We computed descriptive data on the characteristics of the sample. Originally, marital status and education had six answer categories; however, for the purpose of statistical analyses, answer categories were regrouped into two categories for marital status and three categories for schooling (Table 1). The prevalence of supportive care needs was computed for each dimension and for the total scale, based on the percentage of responses to each answer category of the SCNS. The proportion of responses to answer categories “low need” to “high need” were summed up and grouped under the label of “unmet needs.” Additionally, we computed the percentage of responses, and each confidence interval (likelihood ratio method), on the “moderate need” and “high need” categories, to identify the top ten most prevalent unmet supportive care needs at item-level. To identify the characteristics of patients significantly associated with supportive care needs, multiple regression analyses were computed. We computed six multiple regression models using the enter method (one model for each supportive care need dimension). Dummy variables were created for variables with more than two categories. The variance inflation factor (VIF) was used to assess the multicollinearity among patient characteristics in the regression models. For the six regression models, the VIF was <2.0. All cited P values were two-sided with a significance level of 0.05. Analyses were conducted with SPSS software.

Table 1

Descriptive characteristics of the sample (n = 173)

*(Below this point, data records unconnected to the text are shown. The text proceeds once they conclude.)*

(* Let $H$ be a graph with at least one edge and no isolated vertices, and let $t\ge 1$. Let $C$ be the graph obtained from $\mu_t(H)$ by adding $\ell\ge 1$ new vertices $x_1,\dots,x_\ell$, each adjacent only to the root $w$ of $\mu_t(H)$. If $S$ is a subset of $V(\mu_t(H))\setminus\{w\}$ of minimum size among those subsets $S'$ for which $S'\cup\{w\}$ is a determining set for $\mu_t(H)$, then $S\cup\{x_2,\dots,x_\ell\}$ is a minimum size determining set for $C$.
   Context: All graphs are finite and simple. For a graph $G$ with $V(G)=\{v_1,\dots,v_n\}$ and an integer $t\ge1$, the generalized Mycielskian $\mu_t(G)$ has vertex set $\{u_i^s: 1\le i\le n,\ 0\le s\le t\}\cup\{w\}$, where $u_i^0$ is identified with $v_i$. Its edges are: $u_i^0u_j^0$ for each edge $v_iv_j$ of $G$; $u_i^su_j^{s+1}$ and $u_j^su_i^{s+1}$ for each edge $v_iv_j$ of $G$ and each $0\le s<t$; and $u_i^tw$ for all $1\le i\le n$. The vertex $w$ is called the root, and $u_i^s$ is the shadow of $v_i$ at level $s$. A set $S\subseteq V(G)$ is a determining set for $G$ if the only automorphism of $G$ fixing every vertex of $S$ is the identity. *)

theory Defs
  imports Main
begin

definition simple_graph :: "'a set \<Rightarrow> ('a \<Rightarrow> 'a \<Rightarrow> bool) \<Rightarrow> bool" where
  "simple_graph V E \<longleftrightarrow> finite V \<and> (\<forall>x y. E x y \<longrightarrow> E y x) \<and> (\<forall>x. \<not> E x x)
     \<and> (\<forall>x y. E x y \<longrightarrow> x \<in> V \<and> y \<in> V)"

definition has_edge :: "'a set \<Rightarrow> ('a \<Rightarrow> 'a \<Rightarrow> bool) \<Rightarrow> bool" where
  "has_edge V E \<longleftrightarrow> (\<exists>x\<in>V. \<exists>y\<in>V. E x y)"
lemma variant_leaf_first:
  assumes "sub t r = Some (PNode S [])"
    and "\<forall>m<length r. \<forall>secs. sub t (take m r) = Some (QNode secs) \<longrightarrow>
           r ! m = 0 \<or> r ! m = length secs - 1"
  obtains t' C R where "variant t t'" "cliques t' = C # R" "S \<subseteq> C"
    "is_P t \<Longrightarrow> node_verts t \<subseteq> C" "\<forall>v\<in>\<Union>(set R). assigned_outside t r v"
  using assms
proof (induction r arbitrary: t thesis)
  case Nil
  show ?case using Nil.prems(1)[of t S "[]"] Nil.prems(2) by (simp add: variant_refl is_P_def)
next
  case (Cons a r)
  from Cons.prems(2) obtain ta where ta: "sub t [a] = Some ta" "sub ta r = Some (PNode S [])"
    by (rule sub_ConsE)
  have "\<forall>m<length r. \<forall>secs. sub ta (take m r) = Some (QNode secs) \<longrightarrow>
      r ! m = 0 \<or> r ! m = length secs - 1"
    using Cons.prems(3) sub_Cons_child[OF ta(1)] by auto
  then obtain t1 C1 R1 where IH: "variant ta t1" "cliques t1 = C1 # R1" "S \<subseteq> C1"
    "\<forall>v\<in>\<Union>(set R1). assigned_outside ta r v"
    using Cons.IH[OF _ ta(2)] by metis
  obtain t' L B A where t': "variant t t'" "cliques t' = B @ map ((\<union>) L) (cliques t1) @ A"
    "\<forall>v\<in>L \<union> \<Union>(set (B @ A)). assigned_outside t [a] v"
    "is_P t \<Longrightarrow> B = [] \<and> node_verts t \<subseteq> L"
    "\<And>secs. t = QNode secs \<Longrightarrow> \<forall>c\<in>set B. \<exists>j<length secs.
        (if a \<noteq> 0 then a < j else j < a) \<and> c \<in> set (section_cliques (secs ! j))"
    using variant_child[OF ta(1) IH(1), where flip = "a \<noteq> 0"] by metis
  have "B = []"
  proof (cases t)
    case (PNode S0 ts)
    then show ?thesis using t'(4) by (simp add: is_P_def)
  next
    case (QNode secs)
    have "a < length secs" using ta(1) QNode by (simp split: if_splits)
    moreover have "a = 0 \<or> a = length secs - 1"
      using Cons.prems(3)[rule_format, of 0 secs] QNode by simp
    ultimately have "\<not> (\<exists>j<length secs. if a \<noteq> 0 then a < j else j < a)" by auto
    then show ?thesis using t'(5)[OF QNode] by (cases B) auto
  qed
  then have "cliques t' = (L \<union> C1) # (map ((\<union>) L) R1 @ A)"
    using t'(2) IH(2) by simp
  moreover have "\<forall>v\<in>\<Union>(set (map ((\<union>) L) R1 @ A)). assigned_outside t (a # r) v"
  proof
    fix v assume "v \<in> \<Union>(set (map ((\<union>) L) R1 @ A))"
    then have "v \<in> L \<union> \<Union>(set (B @ A)) \<or> v \<in> \<Union>(set R1)"
      by (auto split: if_splits)
    then show "assigned_outside t (a # r) v"
      using t'(3) IH(4) assigned_outside_Cons assigned_outside_child[OF ta(1)] by blast
  qed
  ultimately show ?case using Cons.prems(1)[OF t'(1)] t'(4) IH(3) \<open>B = []\<close> by blast
qed

lemma QNode_leaf_first_arrangement:
  assumes leaf: "sub (QNode secs) (a # r) = Some (PNode S [])"
    and ends: "\<forall>m<length r. \<forall>secs'. sub (QNode secs) (a # take m r) = Some (QNode secs') \<longrightarrow>
                 r ! m = 0 \<or> r ! m = length secs' - 1"
    and x: "x \<in> node_verts (QNode secs)" "\<And>p. assigned_at (QNode secs) x p \<Longrightarrow> p = []"
    and span: "\<And>i. i < length secs \<Longrightarrow> x \<in> fst (secs ! i) \<longleftrightarrow> l \<le> i \<and> i \<le> h"
    and a: "a = l \<or> a = h"
  obtains s' P C R where "variant (QNode secs) s'" "cliques s' = P @ C # R" "S \<subseteq> C" "x \<in> C"
    "x \<notin> \<Union>(set P)" "\<forall>v\<in>\<Union>(set (P @ R)). assigned_outside (QNode secs) (a # r) v"
proof -
  obtain ta where ta: "sub (QNode secs) [a] = Some ta" "sub ta r = Some (PNode S [])"
    using leaf by (rule sub_ConsE)
  have "\<forall>m<length r. \<forall>secs. sub ta (take m r) = Some (QNode secs) \<longrightarrow>
      r ! m = 0 \<or> r ! m = length secs - 1"
    using ends sub_Cons_child[OF ta(1)] by simp
  then obtain t1 C1 R1 where t1: "variant ta t1" "cliques t1 = C1 # R1" "S \<subseteq> C1"
    "\<forall>v\<in>\<Union>(set R1). assigned_outside ta r v"
    using variant_leaf_first[OF ta(2)] by metis
  \<comment> \<open>Reversing the node when the path leaves through x's last section puts only
      sections beyond x's span in front of it.\<close>
  obtain s' L B A where s': "variant (QNode secs) s'" "cliques s' = B @ map ((\<union>) L) (cliques t1) @ A"
    "\<forall>v\<in>L \<union> \<Union>(set (B @ A)). assigned_outside (QNode secs) [a] v"
    "L = fst (secs ! a)" "\<forall>c\<in>set B. \<exists>j<length secs.
        (if a \<noteq> l then a < j else j < a) \<and> c \<in> set (section_cliques (secs ! j))"
    using variant_child[OF ta(1) t1(1), where flip = "a \<noteq> l"] by metis
  have "a < length secs" using ta(1) by (simp split: if_splits)
  moreover have "l \<le> h" using x(1) span by auto
  ultimately have "x \<in> L" using span a s'(4) by auto
  have "x \<notin> c" if "c \<in> set B" for c
  proof
    assume "x \<in> c"
    from s'(5) that obtain j where j: "j < length secs" "if a \<noteq> l then a < j else j < a"
      "c \<in> set (section_cliques (secs ! j))" by blast
    from section_clique_vertex[OF j(1,3) \<open>x \<in> c\<close>] show False
    proof
      assume "x \<in> fst (secs ! j)"
      then show False using span[OF j(1)] j(2) a by (auto split: if_splits)
    next
      assume "\<exists>p. assigned_at (QNode secs) x (j # p)"
      then show False using x(2) by blast
    qed
  qed
  moreover have "\<forall>v\<in>\<Union>(set (B @ map ((\<union>) L) R1 @ A)). assigned_outside (QNode secs) (a # r) v"
  proof
    fix v assume "v \<in> \<Union>(set (B @ map ((\<union>) L) R1 @ A))"
    then have "v \<in> L \<union> \<Union>(set (B @ A)) \<or> v \<in> \<Union>(set R1)"
      by (auto split: if_splits)
    then show "assigned_outside (QNode secs) (a # r) v"
      using s'(3) t1(4) assigned_outside_Cons assigned_outside_child[OF ta(1)] by blast
  qed
  moreover have "cliques s' = B @ (L \<union> C1) # (map ((\<union>) L) R1 @ A)"
    using s'(2) t1(2) by simp
  moreover have "S \<subseteq> L \<union> C1" "x \<in> L \<union> C1" using t1(3) \<open>x \<in> L\<close> by auto
  ultimately show ?thesis using that s'(1) by blast
qed

lemma rotable_subtree_arrangement:
  assumes leaf: "sub s (a # r) = Some (PNode S [])"
    and ends: "\<forall>m<length r. \<forall>secs. sub s (a # take m r) = Some (QNode secs) \<longrightarrow>
                 r ! m = 0 \<or> r ! m = length secs - 1"
    and x: "x \<in> node_verts s" "\<And>p. assigned_at s x p \<Longrightarrow> p = []"
    and start: "is_P s \<or> (\<exists>secs l h. s = QNode secs \<and>
                 (\<forall>i<length secs. x \<in> fst (secs ! i) \<longleftrightarrow> l \<le> i \<and> i \<le> h) \<and> (a = l \<or> a = h))"
  obtains s' P C R where "variant s s'" "cliques s' = P @ C # R" "S \<subseteq> C" "x \<in> C"
    "x \<notin> \<Union>(set P)" "\<forall>v\<in>\<Union>(set (P @ R)). assigned_outside s (a # r) v"
  using start
proof
  assume P: "is_P s"
  have "\<forall>m<length (a # r). \<forall>secs. sub s (take m (a # r)) = Some (QNode secs) \<longrightarrow>
      (a # r) ! m = 0 \<or> (a # r) ! m = length secs - 1"
  proof (intro allI impI)
    fix m secs assume "m < length (a # r)" "sub s (take m (a # r)) = Some (QNode secs)"
    then show "(a # r) ! m = 0 \<or> (a # r) ! m = length secs - 1"
      using P ends by (cases m) (auto simp: is_P_def)
  qed
  then obtain s' C R where "variant s s'" "cliques s' = C # R" "S \<subseteq> C" "node_verts s \<subseteq> C"
    "\<forall>v\<in>\<Union>(set R). assigned_outside s (a # r) v"
    using variant_leaf_first[OF leaf] P by metis
  then show ?thesis using that[of s' "[]" C R] x(1) by auto
next
  assume "\<exists>secs l h. s = QNode secs \<and>
    (\<forall>i<length secs. x \<in> fst (secs ! i) \<longleftrightarrow> l \<le> i \<and> i \<le> h) \<and> (a = l \<or> a = h)"
  then obtain secs l h where "s = QNode secs"
    "\<And>i. i < length secs \<Longrightarrow> x \<in> fst (secs ! i) \<longleftrightarrow> l \<le> i \<and> i \<le> h" "a = l \<or> a = h"
    by blast
  then show ?thesis using QNode_leaf_first_arrangement[of secs a r S x l h] leaf ends x that by blast
qed

lemma assigned_at_iff_node:
  assumes "MPQ_tree V E T" "v \<in> V"
  shows "assigned_at T v p \<longleftrightarrow> p = node T v"
proof -
  have "\<forall>v\<in>V. \<exists>!p. \<exists>t. sub T p = Some t \<and> v \<in> node_verts t"
    using assms(1) unfolding MPQ_tree_def by (elim conjE)
  then have "\<exists>!p. assigned_at T v p" using assms(2) by (simp add: assigned_at_def)
  then show ?thesis
    unfolding node_def assigned_at_def[symmetric] by (metis theI')
qed

lemma not_assigned_outside_node:
  assumes "MPQ_tree V E T" "v \<in> V" "prefix p (node T v)"
  shows "\<not> assigned_outside T p v"
  using assms assigned_at_iff_node[OF assms(1,2)] by (auto simp: assigned_outside_def)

Characteristic	Mean ± SD	n (%)
Age (years)	52.8 ± 10.53
Number of children	3 ± 2
Marital status
With partner		117 (67.6)
Without partner		56 (32.4)
Education
Lowa		54 (31.2)
Middle		104 (60.1)
High		15 (8.7)
Work status
Employed		61 (35.5)
Housewife/retiredb		111 (64.5)
Time since diagnosis (months)	1.9 ± 2.0
Breast cancer stage
I		18 (10.4)
II		64 (37.0)
III-IVc		68 (39.3)
Unknown		23 (13.3)
Comorbidities
Yes		99 (57.2)
No		74 (42.8)
Life events during the past 3 months
Yes		40 (23.1)
No		133 (76.9)
Anxiety	14.45 ± 4.08
Depression	6.64 ± 5.68

SD standard deviation

aFive patients had no education

bTwo patients were retired. Any patient indicated to be unemployed

cThree patients were diagnosed in Stage IV

Results

Characteristics of participants

A total of 257 breast cancer patients were eligible to participate in the study, of whom 62 could not be reached. Of the 195 who were contacted about the study, 20 patients declined to participate, one did not attend the interview, and one was excluded, because the time since diagnosis was longer than 1 year, resulting in a final sample of 173 patients (67% response rate). Sociodemographic and medical details are presented in Table 1.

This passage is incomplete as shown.